Cinema che prescinde dalle tracce narrative tradizionali e si fa raccolta di schegge impazzite, che riprendono tutto l’universo lynchiano, tutti i vezzi anche sgradevoli in cui la bravissima Laura Dern appare perduta definitivamente, scissa in un personaggio pirandelliano che è uno, nessuno e centomila.

La famosa scena del nichelino di Fitzgerald/Kazan, è stravolta in una teoria di ripetizioni, epifanie, incubi.

INLAND EMPIRE è una serie infinita di nichelini: un disco rotto che sembra ripetere sempre lo stesso refrain, per poi saltare bruscamente oltre e magari tornare indietro, senza soluzioni di continuità.

Certo l’esito estremo di questa deriva diegetica può sembrare solipsistico o fine a se stesso, come se Lynch avesse ormai rinunciato a comunicare con un pubblico diverso da quello dei suoi adoratori/adepti/iniziati.

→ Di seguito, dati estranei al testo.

(* Let $\rho^\star\in\mathbb{R}^{n\times n}$ be an optimal solution of the SDP $\max_{\rho} \operatorname{tr}(C\rho)$ subject to $\rho \succeq 0$, $\rho_{ii} = 1/n$ for all $i\in[n]$, where $C\in\mathbb{R}^{n\times n}$ is a symmetric cost matrix with the block structure $C = \begin{pmatrix} 0 & B \\ B^T & 0 \end{pmatrix}$ for some $B\in\mathbb{R}^{n/2\times n/2}$. Let $\rho\in\mathbb{R}^{n\times n}$ be a positive semidefinite matrix with $\rho_{ii}>0$ for all $i$, and let $x\in \{-1,1\}^n$ be the vector obtained by applying the randomized rounding procedure to $\rho$, i.e. compute the symmetric matrix square root $\sqrt{\rho}$, sample $g_j \overset{\mathrm{iid}}{\sim} \mathcal{N}(0,1)$ for $j\in[n]$, and set $x_i = \operatorname{sgn}\big(\sum_j (\sqrt{\rho})_{ij} g_j\big)$ for $i\in[n]$. Let $\sigma\in\mathbb{R}^{n\times n}$ be the matrix with entries $\sigma_{ij}=\frac{\rho_{ij}}{n\sqrt{\rho_{ii}\rho_{jj}}}$. Then \[ \mathbb{E} \left[ x^T C x \right] \geq \frac2{\pi} n \operatorname{tr} (C\sigma) -\left(1 - \frac2{\pi} \right) n \operatorname{tr} (C \rho^\star). \]
   Context: The expectation is over the Gaussian vector $g$ in the rounding procedure. *)

theory Defs
  imports "HOL-Probability.Probability"
begin

text \<open>Real n-by-n matrices are represented as functions nat => nat => real;
  only the entries with indices below n are relevant.\<close>

definition mat_psd :: "nat \<Rightarrow> (nat \<Rightarrow> nat \<Rightarrow> real) \<Rightarrow> bool" where
  "mat_psd n A \<longleftrightarrow> (\<forall>i<n. \<forall>j<n. A i j = A j i) \<and>
     (\<forall>v :: nat \<Rightarrow> real. 0 \<le> (\<Sum>i<n. \<Sum>j<n. v i * A i j * v j))"

definition mat_mult :: "nat \<Rightarrow> (nat \<Rightarrow> nat \<Rightarrow> real) \<Rightarrow> (nat \<Rightarrow> nat \<Rightarrow> real) \<Rightarrow> (nat \<Rightarrow> nat \<Rightarrow> real)" where
  "mat_mult n A B = (\<lambda>i j. \<Sum>k<n. A i k * B k j)"

definition mat_trace_prod :: "nat \<Rightarrow> (nat \<Rightarrow> nat \<Rightarrow> real) \<Rightarrow> (nat \<Rightarrow> nat \<Rightarrow> real) \<Rightarrow> real" where
  "mat_trace_prod n A B = (\<Sum>i<n. \<Sum>j<n. A i j * B j i)"

text \<open>The symmetric positive semidefinite square root (entries outside the
  index range are normalised to 0 so that it is unique).\<close>
definition mat_sqrt :: "nat \<Rightarrow> (nat \<Rightarrow> nat \<Rightarrow> real) \<Rightarrow> (nat \<Rightarrow> nat \<Rightarrow> real)" where
  "mat_sqrt n A = (THE S. mat_psd n S \<and> (\<forall>i<n. \<forall>j<n. mat_mult n S S i j = A i j)
      \<and> (\<forall>i j. \<not> (i < n \<and> j < n) \<longrightarrow> S i j = 0))"

definition sdp_feasible :: "nat \<Rightarrow> (nat \<Rightarrow> nat \<Rightarrow> real) \<Rightarrow> bool" where
  "sdp_feasible n R \<longleftrightarrow> mat_psd n R \<and> (\<forall>i<n. R i i = 1 / real n)"

definition sdp_optimal :: "nat \<Rightarrow> (nat \<Rightarrow> nat \<Rightarrow> real) \<Rightarrow> (nat \<Rightarrow> nat \<Rightarrow> real) \<Rightarrow> bool" where
  "sdp_optimal n C R \<longleftrightarrow> sdp_feasible n R \<and>
     (\<forall>R'. sdp_feasible n R' \<longrightarrow> mat_trace_prod n C R' \<le> mat_trace_prod n C R)"

definition rounding :: "nat \<Rightarrow> (nat \<Rightarrow> nat \<Rightarrow> real) \<Rightarrow> (nat \<Rightarrow> real) \<Rightarrow> nat \<Rightarrow> real" where
  "rounding n R g i = sgn (\<Sum>j<n. mat_sqrt n R i j * g j)"

definition gauss_vec :: "nat \<Rightarrow> (nat \<Rightarrow> real) measure" where
  "gauss_vec n = PiM {..<n} (\<lambda>_. std_normal_distribution)"

end

(*
  Let S be the square root of rho, so that x_i = sgn (S_i . g) with S_i . S_j = rho_ij.
  Writing a sign as its L2-projection onto the Gaussian linear form plus a residual,
  sgn (S_i . g) = sqrt (2/pi) (S_i . g) / |S_i| + r_i, the residual r_i is uncorrelated
  with every linear form of g, whence
    E [x_i x_j] = 2/pi rho_ij / sqrt (rho_ii rho_jj) + K_ij,   K_ij = E [r_i r_j].
  K is positive semidefinite with K_ii <= 1 - 2/pi. Flipping the signs of one half of the
  coordinates and padding the diagonal turns K / ((1 - 2/pi) n) into a feasible point of the
  SDP on which the objective of the bipartite cost C is -tr (C K) / ((1 - 2/pi) n); optimality
  of rho_star therefore gives tr (C K) >= -(1 - 2/pi) n tr (C rho_star).
*)

theory Submission
  imports Defs
begin

type_synonym real_mat = "nat \<Rightarrow> nat \<Rightarrow> real"

section \<open>Vectors and symmetric matrices\<close>

definition vec_dot :: "nat \<Rightarrow> (nat \<Rightarrow> real) \<Rightarrow> (nat \<Rightarrow> real) \<Rightarrow> real" where
  "vec_dot n u v = (\<Sum>j<n. u j * v j)"

definition mat_vec :: "nat \<Rightarrow> real_mat \<Rightarrow> (nat \<Rightarrow> real) \<Rightarrow> nat \<Rightarrow> real" where
  "mat_vec n A v = (\<lambda>i. vec_dot n (A i) v)"

definition quad_form :: "nat \<Rightarrow> real_mat \<Rightarrow> (nat \<Rightarrow> real) \<Rightarrow> real" where
  "quad_form n A v = vec_dot n v (mat_vec n A v)"

definition mat_sym :: "nat \<Rightarrow> real_mat \<Rightarrow> bool" where
  "mat_sym n A \<longleftrightarrow> (\<forall>i<n. \<forall>j<n. A i j = A j i)"

definition mat_eq_on :: "nat \<Rightarrow> real_mat \<Rightarrow> real_mat \<Rightarrow> bool" where
  "mat_eq_on n A B \<longleftrightarrow> (\<forall>i<n. \<forall>j<n. A i j = B i j)"

definition mat_id :: real_mat where
  "mat_id i j = (if i = j then 1 else 0)"

lemma vec_dot_commute: "vec_dot n u v = vec_dot n v u"
  unfolding vec_dot_def by (simp add: mult.commute)

lemma vec_dot_cong:
  "(\<And>j. j < n \<Longrightarrow> u j = u' j) \<Longrightarrow> (\<And>j. j < n \<Longrightarrow> v j = v' j) \<Longrightarrow> vec_dot n u v = vec_dot n u' v'"
  unfolding vec_dot_def by (intro sum.cong) auto

lemma vec_dot_self_nonneg: "0 \<le> vec_dot n v v"
  unfolding vec_dot_def by (simp add: sum_nonneg)

lemma vec_dot_self_eq_0_iff: "vec_dot n v v = 0 \<longleftrightarrow> (\<forall>j<n. v j = 0)"
  unfolding vec_dot_def by (subst sum_nonneg_eq_0_iff) auto

lemma mat_id_sym: "mat_id i j = mat_id j i"
  unfolding mat_id_def by simp

lemma vec_dot_mat_id: "k < n \<Longrightarrow> vec_dot n v (mat_id k) = v k"
  unfolding vec_dot_def mat_id_def by (simp add: if_distrib cong: if_cong)

lemma mat_vec_mat_id: "k < n \<Longrightarrow> mat_vec n A (mat_id k) i = A i k"
  unfolding mat_vec_def by (rule vec_dot_mat_id)

lemma mat_psd_iff: "mat_psd n A \<longleftrightarrow> mat_sym n A \<and> (\<forall>v. 0 \<le> quad_form n A v)"
  unfolding mat_psd_def mat_sym_def quad_form_def mat_vec_def vec_dot_def
  by (simp add: sum_distrib_left mult.assoc)

lemma vec_dot_mat_vec_swap:
  assumes "mat_sym n A"
  shows "vec_dot n w (mat_vec n A v) = vec_dot n v (mat_vec n A w)"
proof -
  have "vec_dot n w (mat_vec n A v) = (\<Sum>i<n. \<Sum>j<n. w i * A i j * v j)"
    unfolding vec_dot_def mat_vec_def by (simp add: sum_distrib_left mult.assoc)
  also have "\<dots> = (\<Sum>j<n. \<Sum>i<n. w i * A i j * v j)"
    by (rule sum.swap)
  also have "\<dots> = vec_dot n v (mat_vec n A w)"
    using assms unfolding vec_dot_def mat_vec_def mat_sym_def
    by (intro sum.cong refl) (simp add: sum_distrib_left mult_ac)
  finally show ?thesis .
qed

lemma quad_form_add:
  assumes "mat_sym n A"
  shows "quad_form n A (\<lambda>i. v i + t * w i)
    = quad_form n A v + 2 * t * vec_dot n w (mat_vec n A v) + t\<^sup>2 * quad_form n A w"
proof -
  have "quad_form n A (\<lambda>i. v i + t * w i) = quad_form n A v + t * vec_dot n w (mat_vec n A v)
      + t * vec_dot n v (mat_vec n A w) + t\<^sup>2 * quad_form n A w"
    unfolding quad_form_def mat_vec_def vec_dot_def
    by (simp add: algebra_simps sum.distrib sum_distrib_left power2_eq_square)
  then show ?thesis
    using vec_dot_mat_vec_swap[OF assms, of w v] by simp
qed

lemma quad_form_cong:
  "(\<And>j. j < n \<Longrightarrow> v j = v' j) \<Longrightarrow> mat_eq_on n A A' \<Longrightarrow> quad_form n A v = quad_form n A' v'"
  unfolding quad_form_def mat_vec_def mat_eq_on_def by (intro vec_dot_cong) auto

lemma quad_form_scale: "quad_form n A (\<lambda>i. c * v i) = c\<^sup>2 * quad_form n A v"
  unfolding quad_form_def mat_vec_def vec_dot_def
  by (simp add: sum_distrib_left power2_eq_square mult_ac)

text \<open>With \<open>w = A v\<close>, positivity of the quadratic form at \<open>v + t w\<close> gives
  \<open>0 \<le> 2 t |w|\<^sup>2 + t\<^sup>2 w\<^sup>TAw\<close> for all \<open>t\<close>; a suitable negative \<open>t\<close> forces \<open>w = 0\<close>.\<close>
lemma psd_quad_form_eq_0_imp_mat_vec_eq_0:
  assumes psd: "mat_psd n A" and v: "quad_form n A v = 0"
  shows "\<forall>i<n. mat_vec n A v i = 0"
proof -
  define w where "w = mat_vec n A v"
  define b where "b = vec_dot n w w"
  define Q where "Q = quad_form n A w"
  have sym: "mat_sym n A" and Q: "0 \<le> Q" and b: "0 \<le> b"
    using psd vec_dot_self_nonneg unfolding mat_psd_iff Q_def b_def by auto
  have "0 \<le> 2 * t * b + t\<^sup>2 * Q" for t
    using psd quad_form_add[OF sym, of v t w] v unfolding mat_psd_iff b_def Q_def w_def
    by (metis add_0)
  moreover have "2 * (- b / (Q + 1)) * b + (- b / (Q + 1))\<^sup>2 * Q = - (b\<^sup>2 * (Q + 2)) / (Q + 1)\<^sup>2"
    using Q by (simp add: power_divide field_simps power2_eq_square add_nonneg_eq_0_iff)
  ultimately have "0 \<le> - (b\<^sup>2 * (Q + 2)) / (Q + 1)\<^sup>2"
    by metis
  then have "b\<^sup>2 * (Q + 2) \<le> 0"
    using Q by (simp add: divide_le_0_iff)
  then have "b = 0"
    using Q by (smt (verit) mult_pos_pos zero_less_power2)
  then show ?thesis
    unfolding b_def w_def vec_dot_self_eq_0_iff .
qed

lemma continuous_on_vec_dot_self: "continuous_on X (\<lambda>v. vec_dot n v v)"
  unfolding vec_dot_def
  by (intro continuous_intros continuous_on_compose2[OF continuous_on_product_coordinates]) auto

lemma continuous_on_quad_form: "continuous_on X (quad_form n A)"
  unfolding quad_form_def mat_vec_def vec_dot_def
  by (intro continuous_intros continuous_on_compose2[OF continuous_on_product_coordinates]) auto

lemma compact_unit_sphere: "compact {v :: nat \<Rightarrow> real. (\<forall>i\<ge>n. v i = 0) \<and> vec_dot n v v = 1}"
  (is "compact ?S")
proof -
  define P where "P = PiE UNIV (\<lambda>i::nat. if i < n then {-1..1::real} else {0})"
  have "compactin (product_topology (\<lambda>_. euclidean) UNIV) P"
    unfolding P_def by (subst compactin_PiE) auto
  then have "compact P"
    by (simp add: euclidean_product_topology)
  moreover have "closed ?S"
  proof -
    have "closed {v :: nat \<Rightarrow> real. v i = 0}" for i
      by (intro closed_Collect_eq continuous_on_product_coordinates continuous_on_const)
    then have "closed {v :: nat \<Rightarrow> real. \<forall>i\<ge>n. v i = 0}"
      by (auto intro!: closed_Collect_all closed_Collect_imp)
    moreover have "closed {v :: nat \<Rightarrow> real. vec_dot n v v = 1}"
      by (intro closed_Collect_eq continuous_on_vec_dot_self continuous_on_const)
    ultimately show ?thesis
      by (simp add: Collect_conj_eq closed_Int)
  qed
  moreover have "?S \<subseteq> P"
  proof
    fix v :: "nat \<Rightarrow> real"
    assume v: "v \<in> ?S"
    have "\<bar>v i\<bar> \<le> 1" if "i < n" for i
    proof -
      have "(v i)\<^sup>2 \<le> vec_dot n v v"
        unfolding vec_dot_def power2_eq_square
        by (rule member_le_sum) (use that in auto)
      then show ?thesis
        using v abs_le_square_iff[of "v i" 1] by simp
    qed
    then show "v \<in> P"
      using v unfolding P_def by (auto simp: abs_le_iff)
  qed
  ultimately show ?thesis
    using compact_Int_closed[of P ?S] by (simp add: Int_absorb1)
qed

Il delirio di INLAND EMPIRE è forse troppo privato, onanistico, frutto di una improvvisazione che può lasciare freddi, dopo la prima ora dell’interminabile opera.

E forse, come è stato detto, carpirne l’essenza è come tentare di afferrare il sottile pulviscolo, in controluce[6]: un’operazione tanto velleitaria, quanto diminutiva della complessità vitale di INLAND EMPIRE.

L’accoglienza contrastata con cui il film è stato accolto a Venezia ne è la testimonianza più efficace: l’unanimità sarebbe stata preoccupante, per un regista che ha sempre sfidato i limiti della rappresentazione e che ha tentato costantemente di valicare i confini dell’arte figurativa, non solo con il cinema, ma anche con la fotografia, il disegno, la pittura.

Naturalmente nel magma incandescente di INLAND EMPIRE ci si può perdere, si può cominciare a divagare, in attesa che i 172 interminabili minuti raggiungano l’agognata conclusione.

Ci si può anche accorgere che INLAND EMPIRE è un film che guarda i suoi spettatori. Il fascio di luce che ne illumina il titolo, all’inizio, è proprio quello del cinema in cui lo si sta proiettando.

Ed allora un’altra possibile lettura è quella dell’ “esperienza” spettatoriale: le sensazioni, le impressioni soggettive, il disagio, la noia, la fuga dalla sala.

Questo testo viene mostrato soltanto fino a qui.